All my life I have been uncomfortable with heights. I like my feet on solid ground. I enjoy outdoor activities, though I am not an extreme adrenaline seeker. I enjoy my comfort zone and having a feeling of physical safety. Slippery slopes and skinny trails with severe rocky drops do not interest me as a fun challenge. Hiking the Pacific Crest Trail has had just enough variety for my level of adventure in my spirit.  Not too much, not too little.  At least, until I met Mount Whitney.  

Mount Whitney, in the Sierra Nevadas in California, is not technically on the PCT. It requires hiking a few miles off trail to get to the base. Yet the majority of PCT hikers allocate a full day to hike the 14,496 feet up Mount Whitney for the beautiful 360 degree view and bragging rights of hiking up the highest summit in the contiguous United States.  

The power of the sun

Every person I have hiked with on the PCT had plans to summit Mount Whitney. Many woke up before the sun rose and hiked up to see the sunrise as they summited Whitney.

Not me. I planned to skip the summit detour and just continue hiking along the PCT. I was asleep in my warm tent, leisurely waking to a delightful, quiet day. Then I stuck my head out of my tent. The weather was gorgeous! The sun was shining and the storm from the previous days seemed to have cleared. I was mesmerized by the beauty of the day and I could not imagine spending the day just logging in miles on the PCT.  

Today was a day for Whitney, and the cautious, comfort-seeking part of my mind even agreed it was the day to take the plunge past comfort and embrace a new experience. 

On my way

I quickly ate as many calories as I could for breakfast and transformed my food bag into a small, awkward day pack.  I tossed my backpack and belongings into the bear locker, grabbed my trekking poles and was on my way to the side trail of Mount Whitney, with a huge smile on my face.  

The sun was shining on my face and I was beaming with joy as I embarked on my spontaneous adventure. It was a delightful surprise to see one of my favorite people, Nailz, sitting at a stream near the base of Whitney. She had gotten a later start, too, and was taking a break. I was so happy to see her.

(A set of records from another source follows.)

lemma finite_kcnf_clauses: "finite (kcnf_clauses n k)"
  by (simp add: kcnf_clauses_def finite_lists_length_eq)

lemma card_kcnf_clauses: "card (kcnf_clauses n k) = (2 * n) ^ k"
  by (simp add: kcnf_clauses_def card_lists_length_eq card_cartesian_product)

lemma kcnf_space_eq_lists: "kcnf_space n k m = {\<Phi>. set \<Phi> \<subseteq> kcnf_clauses n k \<and> length \<Phi> = m}"
  unfolding kcnf_space_def kcnf_clauses_def by (fastforce simp: mem_Times_iff)

lemma finite_kcnf_space: "finite (kcnf_space n k m)"
  by (simp add: kcnf_space_eq_lists finite_lists_length_eq finite_kcnf_clauses)

lemma card_kcnf_space: "card (kcnf_space n k m) = ((2 * n) ^ k) ^ m"
  by (simp add: kcnf_space_eq_lists card_lists_length_eq finite_kcnf_clauses card_kcnf_clauses)

lemma card_unsat_kcnf_clauses:
  assumes "length \<tau> = n"
  shows "card {C \<in> kcnf_clauses n k. clause_unsat \<tau> C} = n ^ k"
proof -
  have "(l \<in> {0..<n} \<times> UNIV \<and> \<not> lit_sat \<tau> l) \<longleftrightarrow> l \<in> (\<lambda>i. (i, \<not> \<tau> ! i)) ` {0..<n}" for l
    by (cases l) (auto simp: lit_sat_def)
  then have "{C \<in> kcnf_clauses n k. clause_unsat \<tau> C}
      = {C. set C \<subseteq> (\<lambda>i. (i, \<not> \<tau> ! i)) ` {0..<n} \<and> length C = k}"
    unfolding kcnf_clauses_def clause_unsat_def by blast
  then show ?thesis
    by (simp add: card_lists_length_eq card_image inj_on_def)
qed

lemma exp_neg_num_unsat:
  "exp (- real (num_unsat \<Phi> \<tau>)) = (\<Prod>C\<leftarrow>\<Phi>. if clause_unsat \<tau> C then exp (-1) else 1)"
proof (induction \<Phi>)
  case Nil
  then show ?case by (simp add: num_unsat_def)
next
  case (Cons C \<Phi>)
  show ?case
    by (simp add: num_unsat_def mult_exp_exp flip: Cons.IH)
qed
text \<open>The cost of a group of agents is a convex quadratic, so its minimizers are exactly its
  stationary points; and a stationary point always exists, since stacking the agents of the group
  gives a single least-squares problem, which Gram--Schmidt on the columns solves.

  Let \<open>x0\<close> minimize the cost of the first \<open>n - k\<close> agents. By \<open>k\<close>-redundancy it minimizes the
  cost of every group of \<open>n - k\<close> agents, so the slopes \<open>(A\<^sub>i v) \<bullet> (A\<^sub>i x0 - b\<^sub>i)\<close> sum to zero
  over every such group. Since \<open>0 < n - k < n\<close>, exchanging one agent of a group for another shows
  that all these slopes are equal, hence zero: \<open>x0\<close> is stationary for every single agent.
  Finally, if \<open>x\<close> minimizes the total cost, then \<open>w = x - x0\<close> satisfies
  \<open>\<Sum>\<^sub>i |A\<^sub>i w|\<^sup>2 = 0\<close>, so \<open>A\<^sub>i x = A\<^sub>i x0\<close> and \<open>x\<close> is stationary for every agent as well.\<close>

lemma sqn_nonneg: "0 \<le> sqn v"
  unfolding sqn_def using conjugate_square_ge_0_vec[of v] by simp

lemma sqn_eq_0_iff: "v \<in> carrier_vec n \<Longrightarrow> sqn v = 0 \<longleftrightarrow> v = 0\<^sub>v n"
  unfolding sqn_def using conjugate_square_eq_0_vec[of v n] by simp

lemma sqn_smult: "sqn (t \<cdot>\<^sub>v v) = t\<^sup>2 * sqn v"
  unfolding sqn_def by (simp add: scalar_prod_def sum_distrib_left power2_eq_square ac_simps)

lemma orthogonal_to_all_iff_zero:
  fixes u :: "real vec"
  assumes "u \<in> carrier_vec n"
  shows "(\<forall>v\<in>carrier_vec n. v \<bullet> u = 0) \<longleftrightarrow> u = 0\<^sub>v n"
  using assms sqn_eq_0_iff[of u n] unfolding sqn_def by auto

lemma scalar_prod_mat_vec_transpose:
  fixes A :: "real mat"
  assumes "A \<in> carrier_mat r d" "v \<in> carrier_vec d" "w \<in> carrier_vec r"
  shows "(A *\<^sub>v v) \<bullet> w = v \<bullet> (transpose_mat A *\<^sub>v w)"
  using assms transpose_vec_mult_scalar[of A r d v w]
  by (metis comm_scalar_prod mult_mat_vec_carrier transpose_carrier_mat)
lemma tsup_eqI:
  assumes "\<forall>y\<in>X. length y = m" "is_lub_len m X z"
  shows "tsup m X = (z :: 'o::wellorder list)"
proof (cases "X = {}")
  case True
  then have "z = replicate m ozero"
    using assms(2) replicate_ozero_le[of z m] unfolding is_lub_len_def
    by (simp add: order.antisym)
  then show ?thesis using True by (simp add: tsup_def)
next
  case False
  have "(THE x. is_lub_len m X x) = z"
    using assms(2) is_lub_len_unique[OF _ assms(2)] by (rule the_equality)
  then show ?thesis using False by (simp add: tsup_def tle_iff_le is_lub_len_def)
qed

lemma is_lub_len_tsup:
  assumes nomax: "\<forall>x::'o::wellorder. \<exists>y. x < y"
    and bdd: "\<forall>X::'o set. countable X \<longrightarrow> (\<exists>b. \<forall>x\<in>X. x \<le> b)"
    and X: "countable X" "\<forall>y\<in>X. length y = m"
  shows "is_lub_len m X (tsup m X :: 'o list)"
  using is_lub_len_exists[OF nomax bdd X] tsup_eqI[OF X(2)] by metis

text \<open>If some z' below the truncated bound bounded all truncations, z' extended by an upper
  bound of the matching tails would bound X and be smaller than z.\<close>
lemma is_lub_len_take:
  assumes nomax: "\<forall>x::'o::wellorder. \<exists>y. x < y"
    and bdd: "\<forall>X::'o set. countable X \<longrightarrow> (\<exists>b. \<forall>x\<in>X. x \<le> b)"
    and X: "countable X" "\<forall>y\<in>X. length y = m" and nm: "n \<le> m"
    and z: "is_lub_len m X (z :: 'o list)"
  shows "is_lub_len n (take n ` X) (take n z)"
proof -
  have lz: "length z = m" and zub: "\<forall>y\<in>X. y \<le> z"
    and zleast: "\<And>z'. length z' = m \<Longrightarrow> \<forall>y\<in>X. y \<le> z' \<Longrightarrow> z \<le> z'"
    using z unfolding is_lub_len_def by blast+
  have least: "take n z \<le> z'" if z': "length z' = n" "\<forall>y\<in>take n ` X. y \<le> z'" for z'
  proof (rule ccontr)
    assume "\<not> take n z \<le> z'"
    then have lt: "z' < take n z" by simp
    let ?T = "drop n ` {y\<in>X. take n y = z'}"
    have "countable ?T" using X(1) by simp
    moreover have "\<forall>y\<in>?T. length y = m - n" using X(2) by simp
    ultimately obtain r where r: "length r = m - n" "\<forall>y\<in>?T. y \<le> r"
      using upper_bound_same_length_exists[OF nomax bdd] by blast
    have "y \<le> z' @ r" if y: "y \<in> X" for y
    proof (cases "take n y = z'")
      case True
      then have "drop n y \<le> r" using r(2) y by blast
      then have "take n y @ drop n y \<le> z' @ r" unfolding True by (rule append_le_append_left)
      then show ?thesis by simp
    next
      case False
      have "take n y \<le> z'" using z'(2) y by blast
      then have "take n y < z'" using False by simp
      moreover have "length (take n y) = length z'" using z'(1) X(2) y nm by simp
      ultimately have "take n y @ drop n y < z' @ r" by (rule append_less_append_same_length)
      then show ?thesis by simp
    qed
    then have "z \<le> z' @ r" using zleast r(1) z'(1) nm by simp
    moreover have "z' @ r < take n z @ drop n z"
      using lt z'(1) lz nm by (intro append_less_append_same_length) auto
    ultimately show False by simp
  qed
  have "take n y \<le> take n z" if "y \<in> X" for y
    using X(2) that lz zub by (intro take_mono_same_length) simp_all
  then show ?thesis unfolding is_lub_len_def using least lz nm by auto
qed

We celebrated the mystery of the trail and how you never know when you will see someone, regardless of the plans we make. After a few minutes I promised to meet her at the top and I was quickly on my way up the steep climb. 

Slippery when wet

Three hours later, I was feeling good and pacing to keep elevation sickness at bay. I thought I was close to the top when a group of hiker friends who started the summit at 3:30 a.m. were coming down and advised me of slippery snow on thin, dangerous ledges ahead. I had not yet encountered the most terrifying and challenging section. I contemplated turning back down. I was at 13,500 feet. This could be good enough for my feeble adventure spirit. Plus, dark clouds were hovering and a view from the summit was unlikely at this point. Yet, I could not turn around. 

The rest of the climb was a white knuckle experience for me. Eight more times I debated turning back. I took one step at a time and just tried to breathe — the elevation made the air thin and my heart was pumping with fear induced adrenaline. I kept telling myself that I was merely out of my comfort zone and I was uncomfortable with the situation but I could do it. I just needed to take one step at a time, and not look down the slippery ledges.  


An hour and a half later, sweaty and exhausted, I reached the summit of Mount Whitney. I did it! Though the view from the top was nonexistent, due to the overcasting clouds, I was relieved I made it to the top. I hung out for a bit, took pictures and met a few day hikers with whom I shared and exchanged mountaintop treats. The wind and cold combined with the lack of a view chased me down sooner than I expected. Also, I was nervous to summit down the slushy, slippery snow. Thankfully, my newfound day hiker friends left at the same time as me and the conversation with them distracted me just enough to successfully make it down past the sketchy snow ledges without fear taking over.  

Mount Whitney was a humbling experience I am glad I had. It was beyond what I had imagined. It was a day I struggled to push myself out of my personal comfort zone and I could not be more proud of myself for doing so. I was able to summit a beautiful peak that I will always remember. Even though the pictures do not prove anything more than me sitting on a rock in a giant grey cloud!  

Elizabeth Ketterer of Cle Elum is hiking the Pacific Crest Trail from the California-Mexico border to Canada.